SINGAPORE - Singapore's manufacturing activity improved slightly in November but still contracted for a fifth consecutive month as new orders and production output shrank further, a business survey showed, mirroring a tepid recovery globally.
Singapore's Purchasing Manager's index (PMI) rose to 48.8 points last month from 48.3 in October, the Singapore Institute of Purchasing & Materials Management (SIPMM) said on Tuesday.
A PMI reading below 50 shows activity is contracting.
A separate PMI for Singapore's electronics sector showed activity weakened marginally to 47.4 in November from 47.5 in October.
"The overall employment index recorded a contraction for the 17th (consecutive) time," the SIPMM said in a statement. "The electronics sector employment index edged up 0.8 point to record a contraction at 49.6."
The global manufacturing sector's slump eased in November as output rose for the first time in five months, JPMorgan's Global Manufacturing PMI survey showed on Monday.
That survey, published along with financial data firm Markit, showed global PMI rose to 49.7 in November from 48.8 in October - the best reading since June but still below the key 50 mark.
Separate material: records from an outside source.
lemma expected_gap_if_uniformly_non_linf:
  assumes "uniformly_non_linf n TYPE('a::real_normed_vector)" and adm: "admissible_phi \<phi>"
  shows "expected_gap \<phi> TYPE('a)"
proof -
  obtain \<rho> where "\<rho> > 0" and long: "\<And>x::nat \<Rightarrow> 'a. \<forall>i\<in>{1..n}. norm (x i) = 1 \<Longrightarrow>
      \<exists>\<epsilon>. signs_on {1..n} \<epsilon> \<and> norm (\<Sum>i=1..n. \<epsilon> i *\<^sub>R x i) \<ge> 1 + \<rho>"
    using assms(1) unfolding uniformly_non_linf_def by blast
  define \<rho>' where "\<rho>' = convexity_gap \<phi> (min (\<rho> / 2) (1 / 2)) * near_signs_prob (\<rho> / (2 * n))"
  have "\<rho>' > 0"
    unfolding \<rho>'_def using \<open>\<rho> > 0\<close> two_le_n
    by (intro mult_pos_pos convexity_gap_pos[OF adm] near_signs_prob_pos) auto
  moreover have "\<phi> 1 + \<rho>' \<le> expected_norm \<phi> x" if unit: "\<forall>i\<in>{1..n}. norm (x i) = 1" for x :: "nat \<Rightarrow> 'a"
  proof -
    obtain \<epsilon> where \<epsilon>: "signs_on {1..n} \<epsilon>" and "norm (\<Sum>i=1..n. \<epsilon> i *\<^sub>R x i) \<ge> 1 + \<rho>"
      using long[OF unit] by blast
    moreover obtain \<eta> where "signs_on {2..n} \<eta>"
      and "norm (x 1 + (\<Sum>i=2..n. \<eta> i *\<^sub>R x i)) = norm (\<Sum>i=1..n. \<epsilon> i *\<^sub>R x i)"
      using signs_on_normalize_first[of n \<epsilon> x] two_le_n \<epsilon> by auto
    ultimately show ?thesis
      using expected_norm_lower[OF adm \<open>\<rho> > 0\<close> unit] unfolding \<rho>'_def by simp
  qed
  ultimately show ?thesis unfolding expected_gap_def by auto
qed

lemma uniformly_non_linf_if_expected_gap:
  assumes adm: "admissible_phi \<phi>" and "expected_gap \<phi> TYPE('a::real_normed_vector)"
  shows "uniformly_non_linf n TYPE('a)"
proof (rule ccontr)
  obtain \<rho> where "\<rho> > 0" and gap: "\<And>x::nat \<Rightarrow> 'a. \<forall>i\<in>{1..n}. norm (x i) = 1 \<Longrightarrow>
      \<phi> 1 + \<rho> \<le> expected_norm \<phi> x"
    using assms(2) unfolding expected_gap_def by blast
  then obtain d where "d > 0" and d: "\<phi> (1 + d) < \<phi> 1 + \<rho>"
    using admissible_phi_right_continuous_at_one[OF adm] by blast
  assume "\<not> uniformly_non_linf n TYPE('a)"
  then obtain x :: "nat \<Rightarrow> 'a" where unit: "\<forall>i\<in>{1..n}. norm (x i) = 1"
    and short: "\<forall>\<epsilon>. signs_on {1..n} \<epsilon> \<longrightarrow> norm (\<Sum>i=1..n. \<epsilon> i *\<^sub>R x i) < 1 + d"
    using \<open>d > 0\<close> unfolding uniformly_non_linf_def not_le[symmetric] by blast
  have "norm (x 1 + (\<Sum>i=2..n. \<eta> i *\<^sub>R x i)) \<le> 1 + d" if "signs_on {2..n} \<eta>" for \<eta>
  proof -
    have "n \<ge> 1" using two_le_n by simp
    with short signs_on_extend_first[OF _ that] show ?thesis
      by (metis less_imp_le)
  qed
  then have "expected_norm \<phi> x \<le> \<phi> (1 + d)" by (rule expected_norm_upper[OF adm])
  with gap[OF unit] d show False by simp
qed

end

theorem proposition2p2:
  fixes M :: "'b measure" and r :: "nat \<Rightarrow> 'b \<Rightarrow> real" and n :: nat
  assumes "prob_space M"
    and "\<And>i. i \<ge> 1 \<Longrightarrow> r i \<in> borel_measurable M"
    and "prob_space.indep_vars M (\<lambda>_. borel) r {1..}"
    and "\<And>i. i \<ge> 1 \<Longrightarrow> distr M borel (r i) = distr M borel (\<lambda>\<omega>. - r i \<omega>)"
    and "\<And>i. i \<ge> 1 \<Longrightarrow> esssup M (\<lambda>\<omega>. ereal \<bar>r i \<omega>\<bar>) = 1"
    and "n \<ge> 2"
  shows
   "let
      P1 = \<not> linf_representable n TYPE('a::banach);
      P2 = (\<exists>\<rho>>0. \<forall>x :: nat \<Rightarrow> 'a. (\<forall>i\<in>{1..n}. norm (x i) = 1) \<longrightarrow>
              (\<exists>\<epsilon> :: nat \<Rightarrow> real. (\<forall>i\<in>{1..n}. \<epsilon> i = 1 \<or> \<epsilon> i = -1) \<and>
                  norm (\<Sum>i=1..n. \<epsilon> i *\<^sub>R x i) \<ge> 1 + \<rho>));
      E = (\<lambda>\<phi> (x :: nat \<Rightarrow> 'a). integral\<^sup>L M (\<lambda>\<omega>. \<phi> (norm (x 1 + (\<Sum>i=2..n. r i \<omega> *\<^sub>R x i)))));
      P3 = (\<exists>\<phi>. admissible_phi \<phi> \<and> (\<exists>\<rho>>0. \<forall>x :: nat \<Rightarrow> 'a. (\<forall>i\<in>{1..n}. norm (x i) = 1) \<longrightarrow>
              E \<phi> x \<ge> \<phi> 1 + \<rho>));
      P4 = (\<forall>\<phi>. admissible_phi \<phi> \<longrightarrow> (\<exists>\<rho>>0. \<forall>x :: nat \<Rightarrow> 'a. (\<forall>i\<in>{1..n}. norm (x i) = 1) \<longrightarrow>
              E \<phi> x \<ge> \<phi> 1 + \<rho>))
    in (P1 \<longleftrightarrow> P2) \<and> (P2 \<longleftrightarrow> P3) \<and> (P3 \<longleftrightarrow> P4)"
proof -
  interpret symmetric_bounded_sequence M r n
    using assms unfolding symmetric_bounded_sequence_def symmetric_bounded_sequence_axioms_def by auto
  have "\<not> linf_representable n TYPE('a) \<longleftrightarrow> uniformly_non_linf n TYPE('a)"
    using assms(6) by (intro not_linf_representable_iff_uniformly_non_linf) simp
  moreover have "uniformly_non_linf n TYPE('a) \<Longrightarrow> admissible_phi \<phi> \<Longrightarrow> expected_gap \<phi> TYPE('a)" for \<phi>
    by (rule expected_gap_if_uniformly_non_linf)
  moreover have "admissible_phi \<phi> \<Longrightarrow> expected_gap \<phi> TYPE('a) \<Longrightarrow> uniformly_non_linf n TYPE('a)" for \<phi>
    by (rule uniformly_non_linf_if_expected_gap)
  ultimately have "(\<not> linf_representable n TYPE('a) \<longleftrightarrow> uniformly_non_linf n TYPE('a)) \<and>
      (uniformly_non_linf n TYPE('a) \<longleftrightarrow> (\<exists>\<phi>. admissible_phi \<phi> \<and> expected_gap \<phi> TYPE('a))) \<and>
      ((\<exists>\<phi>. admissible_phi \<phi> \<and> expected_gap \<phi> TYPE('a)) \<longleftrightarrow>
       (\<forall>\<phi>. admissible_phi \<phi> \<longrightarrow> expected_gap \<phi> TYPE('a)))"
    using admissible_phi_power2 by blast
  then show ?thesis
    unfolding Let_def uniformly_non_linf_def expected_gap_def expected_norm_def signs_on_def .
qed

end
lemma exp_bounds_of_phase_bounds:
  fixes nu T :: real
  assumes nu: "30634/100000 \<le> nu" "nu \<le> 30636/100000"
    and T: "0.243727 \<le> T" "T \<le> 0.24381"
  shows "0.0291 \<le> exp (- ((pi / 2 - 2 * T) / nu))" "exp (- ((pi / 2 - 2 * T) / nu)) < 0.0292"
proof -
  have "0 \<le> nu"
    using nu by simp
  have "pi / 2 - 2 * T \<le> 3.1415926535899 / 2 - 2 * 0.243727"
    using pi_approx T by simp
  then have "(pi / 2 - 2 * T) / nu \<le> (3.1415926535899 / 2 - 2 * 0.243727) / nu"
    using \<open>0 \<le> nu\<close> by (rule divide_right_mono)
  also have "\<dots> \<le> (3.1415926535899 / 2 - 2 * 0.243727) / (30634/100000)"
    using nu by (intro divide_left_mono) auto
  also have "\<dots> \<le> 35365/10000"
    by simp
  finally have X_upper: "(pi / 2 - 2 * T) / nu \<le> 35365/10000" .
  have "(35356/10000 :: real) \<le> (3.141592653588 / 2 - 2 * 0.24381) / (30636/100000)"
    by simp
  also have "\<dots> \<le> (3.141592653588 / 2 - 2 * 0.24381) / nu"
    using nu by (intro divide_left_mono) auto
  also have "3.141592653588 / 2 - 2 * 0.24381 \<le> pi / 2 - 2 * T"
    using pi_approx T by simp
  then have "(3.141592653588 / 2 - 2 * 0.24381) / nu \<le> (pi / 2 - 2 * T) / nu"
    using \<open>0 \<le> nu\<close> by (rule divide_right_mono)
  finally have X_lower: "35356/10000 \<le> (pi / 2 - 2 * T) / nu" .
  have "exp ((pi / 2 - 2 * T) / nu) \<le> exp (35365/10000)"
    using X_upper by simp
  also have "\<dots> \<le> (\<Sum>m<18. (35365/10000::real) ^ m / fact m) / (1 - (35365/10000::real) ^ 18 / fact 18)"
    by (rule exp_le_taylor_quotient) (simp_all add: fact_numeral power_divide)
  also have "\<dots> \<le> 34.35"
    by (simp add: fact_numeral lessThan_nat_numeral power_divide)
  finally have upper: "exp ((pi / 2 - 2 * T) / nu) \<le> 34.35" .
  have "(34.3::real) \<le> (\<Sum>m<16. (35356/10000::real) ^ m / fact m)"
    by (simp add: fact_numeral lessThan_nat_numeral power_divide)
  also have "\<dots> \<le> exp (35356/10000)"
    by (rule taylor_le_exp) simp
  also have "\<dots> \<le> exp ((pi / 2 - 2 * T) / nu)"
    using X_lower by simp
  finally have lower: "34.3 \<le> exp ((pi / 2 - 2 * T) / nu)" .
  show "0.0291 \<le> exp (- ((pi / 2 - 2 * T) / nu))" "exp (- ((pi / 2 - 2 * T) / nu)) < 0.0292"
    unfolding exp_minus using upper lower by (simp_all add: field_simps)
qed

theorem proposition8:
  fixes nu :: real and d :: complex
  assumes nu_pos: "nu > 0"
    and p0x: "- 7 = - 2 * cosh (2 * pi * nu)"
    and d_const: "is_integration_constant_d (-1) (-7) (-7) nu d"
    and d_norm: "0 \<le> Re d" "Re d \<le> pi"
  shows "Im d / nu = pi / 2
    \<and> (\<forall>k. y1 nu d (zero_seq1 nu d k) = 0 \<and> y1 nu d (zero_seq2 nu d k) = 0)
    \<and> (\<forall>k. zero_seq2 nu d k = zero_seq1 nu d k
              * exp (of_real (1 / nu * Arg ((3 - 2 * \<i> * of_real nu) / (3 + 2 * \<i> * of_real nu)))))
    \<and> (\<forall>k. norm (zero_seq1 nu d k) \<le> norm (zero_seq1 nu d 0)
           \<and> norm (zero_seq2 nu d k) \<le> norm (zero_seq1 nu d 0))
    \<and> (\<forall>k. Re (zero_seq1 nu d k) = 0 \<and> Im (zero_seq1 nu d k) < 0
           \<and> Re (zero_seq2 nu d k) = 0 \<and> Im (zero_seq2 nu d k) < 0)
    \<and> inj (zero_seq1 nu d) \<and> inj (zero_seq2 nu d)
    \<and> zero_seq1 nu d \<longlonglongrightarrow> 0 \<and> zero_seq2 nu d \<longlonglongrightarrow> 0
    \<and> 0.0291 \<le> norm (zero_seq1 nu d 0) \<and> norm (zero_seq1 nu d 0) < 0.0292"
proof -
  have cosh: "cosh (2 * pi * nu) = 7/2"
    using p0x by simp
  note d = integration_constant_CP2[OF nu_pos cosh d_const d_norm]
  note nu_bounds = bounds_of_cosh_double_pi_eq[OF nu_pos cosh]
  have "norm (zero_seq1 nu d 0) = exp (- ((pi / 2 - 2 * phase_sum nu) / nu))"
    using zero_seqs_on_negative_imaginary_axis(11)[OF nu_pos] d(1) by simp
  with exp_bounds_of_phase_bounds[OF nu_bounds phase_sum_bounds[OF nu_bounds]]
  have "0.0291 \<le> norm (zero_seq1 nu d 0)" "norm (zero_seq1 nu d 0) < 0.0292"
    by simp_all
  then show ?thesis
    using nu_pos d(2) y1_zero_seq1 y1_zero_seq2 zero_seq2_eq(1) zero_seqs_on_negative_imaginary_axis
    by simp
qed

end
Chinese manufacturing output grew last month for the first time in 13 months but a contraction in US factory activity kept optimism about the health of the world economy in check.
Surveys also showed the euro zone's manufacturing sector shrank for a 16th straight month in November but a bit less rapidly than in October.
In mid-November, Singapore cut its economic growth forecast for this year to around 1.5 per cent and warned of a subdued 2013 with growth of 1-3 per cent due to risks from the US fiscal cutback and the eurozone crisis.
The wealthy city-state, a major Asian business centre whose trade is three times the size of its economy, has been hit by problems in the West that have hurt financial services and demand for its exports.